* [What you have to do]: Lines from the one containing "- 1. \<bar>\<theta>" to the end of the data below are to be restated exactly, with both ends included and nothing else.

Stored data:
(* Consider the TEP model described in the context. Let $\rho^1,\dots,\rho^m$, $m>1$, be directed paths of buses, each consisting of consecutive bus pairs that form established corridors, such that all paths have the same starting bus and the same ending bus, and the intermediate buses of distinct paths are disjoint: writing $\rho^r=(i^r_0,i^r_1),\dots,(i^r_{L_r-1},i^r_{L_r})$, we have $i^r_0=i^{r'}_0$, $i^r_{L_r}=i^{r'}_{L_{r'}}$ and $\{i^r_t\}_{t=1}^{L_r-1}\cap\{i^{r'}_t\}_{t=1}^{L_{r'}-1}=\emptyset$ for $r\ne r'$. For each path $\rho^r$ and each $t$, fix an existing-line index $k^r_t\in\{1,\dots,\omega^0_{i^r_{t-1}i^r_t}\}$, and define $$\pi^r_0=\sum_{t=1}^{L_r}x_{i^r_{t-1}i^r_t,k^r_t}\,\overline P^0_{i^r_{t-1}i^r_t,k^r_t},\qquad \pi^r_t=\operatorname{sgn}(i^r_{t-1}-i^r_t)\,x_{i^r_{t-1}i^r_t,k^r_t}\ (t=1,\dots,L_r).$$ Then for every $r=1,\dots,m$ the two-sided inequality $$-\min\{\pi^n_0\}_{n=1}^m\;\le\;\sum_{t=1}^{L_r}\pi^r_t\,\tilde P^0_{i^r_{t-1}i^r_t,k^r_t}\;\le\;\min\{\pi^n_0\}_{n=1}^m$$ is valid for TEP (satisfied by every feasible solution), for any such choices of line indices.
   Context: TEP model (DC-power-flow transmission expansion planning, disjunctive MILP). $B$ is a finite set of buses (integers); $\Omega$ is a set of corridors $(i,j)$ of buses, stored with $i<j$. Corridor $(i,j)$ has $\omega^0_{ij}\ge 0$ existing lines and $\bar\omega_{ij}\ge0$ candidate lines. Corridor $(i,j)$ is *established* if $\omega^0_{ij}>0$ and an *expansion corridor* if $\omega^0_{ij}=0$. Line $k$ of corridor $(i,j)$ has susceptance $b_{ij,k}$ and reactance $x_{ij,k}=-1/b_{ij,k}$; existing lines have capacity $\overline P^0_{ij,k}$, candidate lines capacity $\overline P_{ij,k}$. Further parameters: demands $d_n$, generation limits $\overline g_n$, angle limit $\overline\theta$, big-M constants $M_{ij}$, costs. Variables: binary $y_{ij,k}$, flows $P^0_{ij,k}$ (existing lines) and $P_{ij,k}$ (candidate lines), generation $g_n\ge0$, bus angles $\theta_n$ (free). Constraints: for each bus $n$, $\sum_{(n,i)\in\Omega}\big(\sum_k P^0_{ni,k}+\sum_k P_{ni,k}\big)-\sum_{(i,n)\in\Omega}\big(\sum_k P^0_{in,k}+\sum_k P_{in,k}\big)+g_n=d_n$; $-\overline P^0_{ij,k}\le P^0_{ij,k}\le \overline P^0_{ij,k}$; $-\overline P_{ij,k}y_{ij,k}\le P_{ij,k}\le\overline P_{ij,k}y_{ij,k}$; $x_{ij,k}P^0_{ij,k}-(\theta_i-\theta_j)=0$ for existing lines; $-M_{ij}(1-y_{ij,k})\le x_{ij,k}P_{ij,k}-(\theta_i-\theta_j)\le M_{ij}(1-y_{ij,k})$ for candidate lines; $g_n\le\overline g_n$; $-\overline\theta\le\theta_i-\theta_j\le\overline\theta$ for $(i,j)\in\Omega$; $y_{ij,k}\in\{0,1\}$. An inequality is *valid for TEP* if every feasible point of this model satisfies it. Notation along paths: for a bus pair traversed as $(i,j)$ with $i>j$ (stored corridor $(j,i)$), set $x_{ij,k}=x_{ji,k}$, $\overline P^0_{ij,k}=\overline P^0_{ji,k}$ and $P^0_{ij,k}=-P^0_{ji,k}$. $\operatorname{sgn}(a)=1$ if $a>0$, $-1$ if $a<0$. Define $\tilde P^0_{ij,k}=\operatorname{sgn}(j-i)\,P^0_{ij,k}$. *)

theory Defs
  imports Complex_Main
begin

text \<open>Data of a TEP instance.  Buses are integers; corridors are stored as
  pairs (i,j) with i < j.  Existing lines of corridor e are indexed 1..w0 e,
  candidate lines 1..wc e.\<close>

record tep_data =
  buses     :: "int set"
  corridors :: "(int \<times> int) set"
  w0        :: "int \<times> int \<Rightarrow> nat"
  wc        :: "int \<times> int \<Rightarrow> nat"
  susc0     :: "int \<times> int \<Rightarrow> nat \<Rightarrow> real"
  susc      :: "int \<times> int \<Rightarrow> nat \<Rightarrow> real"
  cap0      :: "int \<times> int \<Rightarrow> nat \<Rightarrow> real"
  cap       :: "int \<times> int \<Rightarrow> nat \<Rightarrow> real"
  demand    :: "int \<Rightarrow> real"
  gmax      :: "int \<Rightarrow> real"
  thmax     :: real
  bigM      :: "int \<times> int \<Rightarrow> real"

definition react0 :: "tep_data \<Rightarrow> int \<times> int \<Rightarrow> nat \<Rightarrow> real" where
  "react0 D e k = - 1 / susc0 D e k"
definition react :: "tep_data \<Rightarrow> int \<times> int \<Rightarrow> nat \<Rightarrow> real" where
  "react D e k = - 1 / susc D e k"

definition tep_wf :: "tep_data \<Rightarrow> bool" where
  "tep_wf D \<longleftrightarrow> finite (buses D) \<and> corridors D \<subseteq> buses D \<times> buses D
     \<and> (\<forall>(i,j)\<in>corridors D. i < j)"

definition corr_flow :: "tep_data \<Rightarrow> (int \<times> int \<Rightarrow> nat \<Rightarrow> real) \<Rightarrow> (int \<times> int \<Rightarrow> nat \<Rightarrow> real)
    \<Rightarrow> int \<times> int \<Rightarrow> real" where
  "corr_flow D P0 P e = (\<Sum>k=1..w0 D e. P0 e k) + (\<Sum>k=1..wc D e. P e k)"

definition tep_feasible :: "tep_data \<Rightarrow> (int \<times> int \<Rightarrow> nat \<Rightarrow> real) \<Rightarrow> (int \<times> int \<Rightarrow> nat \<Rightarrow> real)
    \<Rightarrow> (int \<times> int \<Rightarrow> nat \<Rightarrow> real) \<Rightarrow> (int \<Rightarrow> real) \<Rightarrow> (int \<Rightarrow> real) \<Rightarrow> bool" where
  "tep_feasible D y P0 P g \<theta> \<longleftrightarrow>
     (\<forall>n\<in>buses D.
        (\<Sum>e\<in>{e\<in>corridors D. fst e = n}. corr_flow D P0 P e)
      - (\<Sum>e\<in>{e\<in>corridors D. snd e = n}. corr_flow D P0 P e) + g n = demand D n)
   \<and> (\<forall>(i,j)\<in>corridors D. \<forall>k\<in>{1..w0 D (i,j)}.
        - cap0 D (i,j) k \<le> P0 (i,j) k \<and> P0 (i,j) k \<le> cap0 D (i,j) k
      \<and> react0 D (i,j) k * P0 (i,j) k - (\<theta> i - \<theta> j) = 0)
   \<and> (\<forall>(i,j)\<in>corridors D. \<forall>k\<in>{1..wc D (i,j)}.
        y (i,j) k \<in> {0,1}
      \<and> - cap D (i,j) k * y (i,j) k \<le> P (i,j) k \<and> P (i,j) k \<le> cap D (i,j) k * y (i,j) k
      \<and> - bigM D (i,j) * (1 - y (i,j) k) \<le> react D (i,j) k * P (i,j) k - (\<theta> i - \<theta> j)
      \<and> react D (i,j) k * P (i,j) k - (\<theta> i - \<theta> j) \<le> bigM D (i,j) * (1 - y (i,j) k))
   \<and> (\<forall>n\<in>buses D. 0 \<le> g n \<and> g n \<le> gmax D n)
   \<and> (\<forall>(i,j)\<in>corridors D. - thmax D \<le> \<theta> i - \<theta> j \<and> \<theta> i - \<theta> j \<le> thmax D)"

definition corr :: "int \<Rightarrow> int \<Rightarrow> int \<times> int" where
  "corr i j = (min i j, max i j)"

definition xo :: "tep_data \<Rightarrow> int \<Rightarrow> int \<Rightarrow> nat \<Rightarrow> real" where
  "xo D i j k = react0 D (corr i j) k"
definition capo :: "tep_data \<Rightarrow> int \<Rightarrow> int \<Rightarrow> nat \<Rightarrow> real" where
  "capo D i j k = cap0 D (corr i j) k"
definition P0o :: "(int \<times> int \<Rightarrow> nat \<Rightarrow> real) \<Rightarrow> int \<Rightarrow> int \<Rightarrow> nat \<Rightarrow> real" where
  "P0o P0 i j k = (if i < j then P0 (i,j) k else - P0 (j,i) k)"
definition P0tilde :: "(int \<times> int \<Rightarrow> nat \<Rightarrow> real) \<Rightarrow> int \<Rightarrow> int \<Rightarrow> nat \<Rightarrow> real" where
  "P0tilde P0 i j k = sgn (real_of_int (j - i)) * P0o P0 i j k"

text \<open>A path is a list of buses [i_0, ..., i_L]; L = length - 1;
  bus pair t (t = 1..L) is (i_{t-1}, i_t).  ks t is the chosen existing line.\<close>
definition pi0 :: "tep_data \<Rightarrow> int list \<Rightarrow> (nat \<Rightarrow> nat) \<Rightarrow> real" where
  "pi0 D p ks = (\<Sum>t=1..length p - 1. xo D (p!(t-1)) (p!t) (ks t) * capo D (p!(t-1)) (p!t) (ks t))"
definition pit :: "tep_data \<Rightarrow> int list \<Rightarrow> (nat \<Rightarrow> nat) \<Rightarrow> nat \<Rightarrow> real" where
  "pit D p ks t = sgn (real_of_int (p!(t-1) - p!t)) * xo D (p!(t-1)) (p!t) (ks t)"

definition established_path :: "tep_data \<Rightarrow> int list \<Rightarrow> bool" where
  "established_path D p \<longleftrightarrow> length p \<ge> 2 \<and> distinct p \<and>
     (\<forall>t\<in>{1..length p - 1}. corr (p!(t-1)) (p!t) \<in> corridors D \<and> w0 D (corr (p!(t-1)) (p!t)) > 0)"

definition interior :: "int list \<Rightarrow> int set" where
  "interior p = {p!t | t. 1 \<le> t \<and> t \<le> length p - 2}"

end

theory Submission
  imports Defs
begin

text \<open>By Ohm's law on existing lines, each term \<open>\<pi>\<^sub>t P\<^sup>0\<close> of the sum along a path equals
  the angle difference across its bus pair, so the sum telescopes to
  \<open>\<theta>(end) - \<theta>(start)\<close>, the same value for all paths. The capacity bounds show that
  this difference is at most \<open>\<pi>\<^sup>n\<^sub>0\<close> in absolute value for every path \<open>n\<close>, hence at most
  their minimum.\<close>

lemma sgn_diff_mult_sgn_swapped_diff:
  "a \<noteq> b \<Longrightarrow> sgn (real_of_int (a - b)) * sgn (real_of_int (b - a)) = -1"
  by (cases "a < b") (auto simp: sgn_if)

lemma existing_line_oriented:
  assumes feas: "tep_feasible D y P0 P g \<theta>"
    and corridor: "corr i j \<in> corridors D"
    and k: "k \<in> {1..w0 D (corr i j)}"
  shows "xo D i j k * P0o P0 i j k = \<theta> i - \<theta> j"
    and "\<bar>P0o P0 i j k\<bar> \<le> capo D i j k"
proof -
  have line: "\<And>a b. (a, b) \<in> corridors D \<Longrightarrow> k \<in> {1..w0 D (a, b)} \<Longrightarrow>
      \<bar>P0 (a, b) k\<bar> \<le> cap0 D (a, b) k \<and> react0 D (a, b) k * P0 (a, b) k = \<theta> a - \<theta> b"
    using feas unfolding tep_feasible_def by fastforce
  have "xo D i j k * P0o P0 i j k = \<theta> i - \<theta> j \<and> \<bar>P0o P0 i j k\<bar> \<le> capo D i j k"
  proof (cases "i < j")
    case True
    then have "corr i j = (i, j)" by (simp add: corr_def)
    with line[of i j] corridor k True show ?thesis
      by (simp add: xo_def capo_def P0o_def)
  next
    case False
    then have "corr i j = (j, i)" by (simp add: corr_def)
    with line[of j i] corridor k False show ?thesis
      by (simp add: xo_def capo_def P0o_def)
  qed
  then show "xo D i j k * P0o P0 i j k = \<theta> i - \<theta> j" "\<bar>P0o P0 i j k\<bar> \<le> capo D i j k"
    by auto
qed

lemma existing_line_path_term:
  assumes feas: "tep_feasible D y P0 P g \<theta>"
    and corridor: "corr i j \<in> corridors D" and "i \<noteq> j"
    and k: "k \<in> {1..w0 D (corr i j)}"
  shows "sgn (real_of_int (i - j)) * xo D i j k * P0tilde P0 i j k = \<theta> j - \<theta> i"
proof -
  have "sgn (real_of_int (i - j)) * xo D i j k * P0tilde P0 i j k
      = sgn (real_of_int (i - j)) * sgn (real_of_int (j - i)) * (xo D i j k * P0o P0 i j k)"
    by (simp add: P0tilde_def ac_simps)
  also have "\<dots> = \<theta> j - \<theta> i"
    using sgn_diff_mult_sgn_swapped_diff[OF \<open>i \<noteq> j\<close>] existing_line_oriented(1)[OF feas corridor k]
    by simp
  finally show ?thesis .
qed

lemma existing_line_angle_bound:
  assumes feas: "tep_feasible D y P0 P g \<theta>"
    and corridor: "corr i j \<in> corridors D"
    and k: "k \<in> {1..w0 D (corr i j)}"
    and susc_neg: "susc0 D (corr i j) k < 0"
  shows "\<bar>\<theta> i - \<theta> j\<bar> \<le> xo D i j k * capo D i j k"
proof -
  have x_pos: "xo D i j k > 0"
    using susc_neg by (simp add: xo_def react0_def neg_divide_less_eq)
  have "\<bar>\<theta> i - \<theta> j\<bar> = xo D i j k * \<bar>P0o P0 i j k\<bar>"
    using existing_line_oriented(1)[OF feas corridor k] x_pos by (metis abs_mult abs_of_pos)
  also have "\<dots> \<le> xo D i j k * capo D i j k"
    using existing_line_oriented(2)[OF feas corridor k] x_pos by (simp add: mult_left_mono)
  finally show ?thesis .
qed

lemma established_path_step:
  assumes "established_path D p" and "t \<in> {1..length p - 1}"
  shows "corr (p ! (t - 1)) (p ! t) \<in> corridors D" and "p ! (t - 1) \<noteq> p ! t"
  using assms by (auto simp: established_path_def nth_eq_iff_index_eq)

lemma established_path_telescope:
  assumes "established_path D p"
  shows "(\<Sum>t=1..length p - 1. f (p ! t) - f (p ! (t - 1))) = f (last p) - (f (hd p) :: real)"
proof -
  have "p \<noteq> []" using assms by (auto simp: established_path_def)
  then show ?thesis
    using sum_telescope''[of 0 "length p - 1" "\<lambda>t. f (p ! t)"]
    by (simp add: hd_conv_nth last_conv_nth)
qed

lemma established_path_sum_eq_angle_diff:
  assumes feas: "tep_feasible D y P0 P g \<theta>"
    and path: "established_path D p"
    and ks: "\<forall>t\<in>{1..length p - 1}. 1 \<le> ks t \<and> ks t \<le> w0 D (corr (p ! (t - 1)) (p ! t))"
  shows "(\<Sum>t=1..length p - 1. pit D p ks t * P0tilde P0 (p ! (t - 1)) (p ! t) (ks t))
           = \<theta> (last p) - \<theta> (hd p)"
proof -
  have "(\<Sum>t=1..length p - 1. pit D p ks t * P0tilde P0 (p ! (t - 1)) (p ! t) (ks t))
      = (\<Sum>t=1..length p - 1. \<theta> (p ! t) - \<theta> (p ! (t - 1)))"
    unfolding pit_def
    using existing_line_path_term[OF feas established_path_step[OF path]] ks
    by (intro sum.cong) auto
  also have "\<dots> = \<theta> (last p) - \<theta> (hd p)"
    by (rule established_path_telescope[OF path])
  finally show ?thesis .
qed

lemma established_path_angle_bound:
  assumes feas: "tep_feasible D y P0 P g \<theta>"
    and susc_neg: "\<forall>e k. susc0 D e k < 0"
    and path: "established_path D p"
    and ks: "\<forall>t\<in>{1..length p - 1}. 1 \<le> ks t \<and> ks t \<le> w0 D (corr (p ! (t - 1)) (p ! t))"
  shows "\<bar>\<theta> (last p) - \<theta> (hd p)\<bar> \<le> pi0 D p ks"
proof -
  have "\<bar>\<theta> (last p) - \<theta> (hd p)\<bar> = \<bar>\<Sum>t=1..length p - 1. \<theta> (p ! (t - 1)) - \<theta> (p ! t)\<bar>"
    using established_path_telescope[OF path, of "\<lambda>i. - \<theta> i"] by simp
  also have "\<dots> \<le> (\<Sum>t=1..length p - 1. \<bar>\<theta> (p ! (t - 1)) - \<theta> (p ! t)\<bar>)"
    by (rule sum_abs)
  also have "\<dots> \<le> pi0 D p ks"
    unfolding pi0_def
    using existing_line_angle_bound[OF feas established_path_step(1)[OF path]] ks susc_neg
    by (intro sum_mono) auto
  finally show ?thesis .
qed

* [Written solution]:
  also have "\<dots> \<le> (\<Sum>t=1..length p - 1. \<bar>\<theta> (p ! (t - 1)) - \<theta> (p ! t)\<bar>)"
    by (rule sum_abs)
  also have "\<dots> \<le> pi0 D p ks"
    unfolding pi0_def
    using existing_line_angle_bound[OF feas established_path_step(1)[OF path]] ks susc_neg
    by (intro sum_mono) auto
  finally show ?thesis .
qed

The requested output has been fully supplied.